只是心爱之人被欺负,母后被毒害,这些他都难以释怀。
从前他一心向善,现在却不得不学会了算计与利用。
他以青楼舞姬之事派人参了周延,顺利揽下了他的差事,又暗中搜集凌家罪证,借他人之手呈上,为凌家坍塌添柴加火。
放在从前,他绝不会如此。
只是时移势易,他终究也在权利追逐中学会了尔虞我诈。
好在,他的身边还有卫驰。
夜色降临,两人喝了一坛又一坛,最后都有些迷糊了,还抱着酒坛子要干杯。
“侧妃,殿下醉得厉害,您当心身子。”
庄盈盈看着醉醺醺的两人,颇有些无奈,她走到周延身侧,温声道:“殿下,该回去歇息了。”

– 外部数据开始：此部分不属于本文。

lemma rstep_mono: "(s, t) \<in> rstep R \<Longrightarrow> R \<subseteq> S \<Longrightarrow> (s, t) \<in> rstep S"
  by (induction rule: rstep.induct) (auto intro: rstep.intros)

lemma rstep_imp_rstep_rule: "(s, t) \<in> rstep R \<Longrightarrow> \<exists>rl \<in> R. (s, t) \<in> rstep {rl}"
  by (induction rule: rstep.induct) (auto intro: rstep.intros)

lemma rstep_rule_size: "(s, t) \<in> rstep {(a, b)} \<Longrightarrow> size a \<le> size s"
proof (induction rule: rstep.induct)
  case (root l r \<sigma>)
  then show ?case using size_subst[of l \<sigma>] by auto
next
  case (ctxt s t f ss1 ss2)
  then show ?case by simp
qed

lemma rstep_rule_root_if_args_NF:
  assumes "(s, t) \<in> rstep {(a, b)}" and "(a, b) \<in> R"
    and "\<And>f ss1 u ss2. s = Fun f (ss1 @ u # ss2) \<Longrightarrow> u \<in> NF (rstep R)"
  shows "\<exists>\<sigma>. s = a \<cdot> \<sigma> \<and> t = b \<cdot> \<sigma>"
  using assms(1)
proof (cases rule: rstep.cases)
  case (ctxt u u' f ss1 ss2)
  then have "(u, u') \<in> rstep R" using assms(2) rstep_mono by blast
  with assms(3) ctxt show ?thesis unfolding NF_def by blast
qed auto

lemma NF_subst_imp_NF:
  assumes "s \<cdot> \<tau> \<in> NF (rstep R)"
  shows "s \<in> NF (rstep R)"
  using assms rstep_subst unfolding NF_def by blast

lemma equivB_refl: "(t, t) \<in> equivB B"
  unfolding equivB_def by simp

lemma equivB_subst: "(s, t) \<in> equivB B \<Longrightarrow> (s \<cdot> \<sigma>, t \<cdot> \<sigma>) \<in> equivB B"
  unfolding equivB_def
proof (induction rule: rtrancl_induct)
  case (step y z)
  then have "(y \<cdot> \<sigma>, z \<cdot> \<sigma>) \<in> rstep B \<union> (rstep B)\<inverse>" using rstep_subst by blast
  with step.IH show ?case by (meson rtrancl.rtrancl_into_rtrancl)
qed simp

lemma rstep_subset_rstep_mod: "rstep R \<subseteq> rstep_mod R B"
  unfolding rstep_mod_def equivB_def by (auto intro: relcompI)

lemma SN_trancl_irrefl: "SN A \<Longrightarrow> (x, x) \<notin> A\<^sup>+"
proof
  assume "SN A" and x: "(x, x) \<in> A\<^sup>+"
  from \<open>SN A\<close> have "wf (A\<inverse>)"
    unfolding SN_def wf_iff_no_infinite_down_chain by simp
  then have "(x, x) \<notin> (A\<inverse>)\<^sup>+"
    by (intro wf_not_refl wf_trancl)
  with x show False by (simp add: trancl_converse)
qed

lemma NF_equivalent_mod_sym: "NF_equivalent_mod R S B \<Longrightarrow> NF_equivalent_mod S R B"
  unfolding NF_equivalent_mod_def by simp

lemma NF_equivalent_mod_NF_subset:
  assumes "NF_equivalent_mod R S B" and "terminating_mod S B"
  shows "NF (rstep R) \<subseteq> NF (rstep S)"
proof
  fix s assume "s \<in> NF (rstep R)"
  then have "(s, s) \<in> normalizes (rstep R) O equivB B"
    using equivB_refl unfolding normalizes_def by blast
  then have "(s, s) \<in> normalizes (rstep S) O equivB B"
    using assms(1) unfolding NF_equivalent_mod_def by simp
  then obtain u where su: "(s, u) \<in> (rstep S)\<^sup>*" and u: "u \<in> NF (rstep S)"
    and us: "(u, s) \<in> equivB B" unfolding normalizes_def by blast
  show "s \<in> NF (rstep S)"
  proof (rule ccontr)
    assume "s \<notin> NF (rstep S)"
    with u have "s \<noteq> u" by auto
    with su obtain w where sw: "(s, w) \<in> rstep S" and wu: "(w, u) \<in> (rstep S)\<^sup>*"
      by (metis converse_rtranclE)
    have "(u, w) \<in> rstep_mod S B"
      using us sw equivB_refl unfolding rstep_mod_def by blast
    moreover have "(w, u) \<in> (rstep_mod S B)\<^sup>*"
      using rtrancl_mono[OF rstep_subset_rstep_mod] wu by blast
    ultimately have "(u, u) \<in> (rstep_mod S B)\<^sup>+" by (rule rtrancl_into_trancl2)
    with assms(2) show False unfolding terminating_mod_def by (simp add: SN_trancl_irrefl)
  qed
qed
section \<open>Kunz coordinates\<close>

(* For k = kunz S m r, the number k * m + r is the element of the Apery set of S with respect
   to m in the residue class of r. *)
definition kunz :: "nat set \<Rightarrow> nat \<Rightarrow> nat \<Rightarrow> nat" where
  "kunz S m r = (LEAST k. k * m + r \<in> S)"

context frobenius_semigroup
begin

lemma frobenius_less_Suc_mult_add: "f < (f + 1) * m + r"
proof -
  have "f + 1 \<le> (f + 1) * m"
    using mult_le_mono2[of 1 m "f + 1"] multiplicity_pos by simp
  then show ?thesis
    by linarith
qed

lemma kunz_mem: "kunz S m r * m + r \<in> S"
  unfolding kunz_def by (rule LeastI, rule frobenius_less_imp_mem[OF frobenius_less_Suc_mult_add])

lemma kunz_le: "k * m + r \<in> S \<Longrightarrow> kunz S m r \<le> k"
  unfolding kunz_def by (rule Least_le)

lemma kunz_le_Suc_frobenius: "kunz S m r \<le> f + 1"
  by (rule kunz_le[OF frobenius_less_imp_mem[OF frobenius_less_Suc_mult_add]])

lemma mem_iff_kunz: "x \<in> S \<longleftrightarrow> kunz S m (x mod m) \<le> x div m"
proof
  assume "x \<in> S"
  then show "kunz S m (x mod m) \<le> x div m"
    by (intro kunz_le) simp
next
  assume "kunz S m (x mod m) \<le> x div m"
  then obtain d where d: "x div m = kunz S m (x mod m) + d"
    using le_Suc_ex by blast
  have "kunz S m (x mod m) * m + x mod m + d * m \<in> S"
    using kunz_mem multiplicity_mem by (rule add_mult_mem)
  also have "kunz S m (x mod m) * m + x mod m + d * m = x"
    using div_mult_mod_eq[of x m] unfolding d by (simp add: algebra_simps)
  finally show "x \<in> S" .
qed

lemma kunz_zero: "kunz S m 0 = 0"
  using kunz_le[of 0 0] zero_mem by simp

lemma kunz_pos:
  assumes "0 < r" "r < m" shows "0 < kunz S m r"
proof (rule ccontr)
  assume "\<not> 0 < kunz S m r"
  then have "r \<in> S"
    using kunz_mem[of r] by simp
  then show False
    using multiplicity_le assms by fastforce
qed

lemma frobenius_mod_pos: "0 < f mod m"
proof (rule ccontr)
  assume "\<not> 0 < f mod m"
  then have "f = 0 + (f div m) * m"
    using div_mult_mod_eq[of f m] by simp
  also have "\<dots> \<in> S"
    using zero_mem multiplicity_mem by (rule add_mult_mem)
  finally show False
    using frobenius_not_mem by simp
qed

lemma kunz_frobenius_mod: "kunz S m (f mod m) = f div m + 1"
proof -
  have "f + m \<in> S"
    using frobenius_less_imp_mem multiplicity_pos by simp
  then have "kunz S m (f mod m) \<le> f div m + 1"
    using mem_iff_kunz[of "f + m"] multiplicity_pos by simp
  moreover have "f div m < kunz S m (f mod m)"
    using frobenius_not_mem mem_iff_kunz[of f] by simp
  ultimately show ?thesis
    by simp
qed

lemma kunz_add_le: "r + s < m \<Longrightarrow> kunz S m (r + s) \<le> kunz S m r + kunz S m s"
  using add_mem[OF kunz_mem[of r] kunz_mem[of s]] by (intro kunz_le) (simp add: algebra_simps)

lemma kunz_mult_add_lt:
  assumes "r < m" "r \<noteq> f mod m" shows "kunz S m r * m + r < f + m"
proof (cases "r = 0")
  case True
  then show ?thesis
    using kunz_zero multiplicity_pos by simp
next
  case False
  then obtain k where k: "kunz S m r = Suc k"
    using kunz_pos assms(1) gr0_implies_Suc by blast
  have "k * m + r \<notin> S"
    using mem_iff_kunz[of "k * m + r"] assms(1) k by simp
  then have "k * m + r \<le> f"
    using frobenius_less_imp_mem by (meson not_le)
  moreover have "k * m + r \<noteq> f"
  proof
    assume "k * m + r = f"
    then have "f mod m = r"
      using assms(1) by (metis mod_mult_self3 mod_less)
    then show False
      using assms(2) by simp
  qed
  ultimately show ?thesis
    using k by simp
qed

周延努力睁开眼睛,对上庄盈盈忧虑的目光,清醒了几分,“盈盈,你来了。”
“殿下,你怎么喝这么多酒呀?我带了醒酒汤来,你快喝一碗。”
周延不说话,只盯着她看。
就在庄盈盈以为他又醉糊涂了时,他伸手轻轻摸了摸她的脸,又摸了摸她已经隆起的肚子,脸色露出幸福的笑容。
“我心安处,盈盈也。”
庄盈盈被他这猝不及防的情话搞得脸热,立即把醒酒汤塞到他手里。
周延咕咚咕咚喝完,看着同样迷离的卫驰,拍了拍他的肩膀,面露同情。
“我有归处了,阿驰,你也赶紧找一个吧。”
卫驰比他清醒一些,却也是半斤八两,闻言立刻抬起头,掷地有声道:“我也有。”
“你没有!”
“我有!”
庄盈盈看着斗争不休的两人,有些头疼。
方才好好哥俩一起喝酒谈心呢,转眼就吵起来了。
“卫将军,天色已晚,你就在府上歇息吧,我派人去卫府传个话。”
卫驰却摆摆手,一本正经道:“不必了,我有归处。”
他目光定定看着她,仿佛在说,你不信?
庄盈盈不敢再劝,“好,好,那你回家吧。”
夜色朦胧,纪石驾着马车拉着醉醺醺的卫驰往家赶,车门被打开,卫驰的头凑过来。
“不是这条路。”
纪石被突如其来的声音吓得一哆嗦,看了看路,狐疑道:“没走错啊。”
卫驰信誓旦旦,“是那边。”
纪石挠挠头,那不是回家的道啊。
但他不拗不过自家公子,沿着卫驰指的路而行,一番折腾后,最后成功到达了姚府……偏门。
纪石头都要挠秃了,看着一脸心满意足的卫驰,试探问道:“公子,要……敲门吗?”
“嘘!”
卫驰立刻做了个噤声的动作,低声道:“别吵着她睡觉,天黑了,她要睡觉了。”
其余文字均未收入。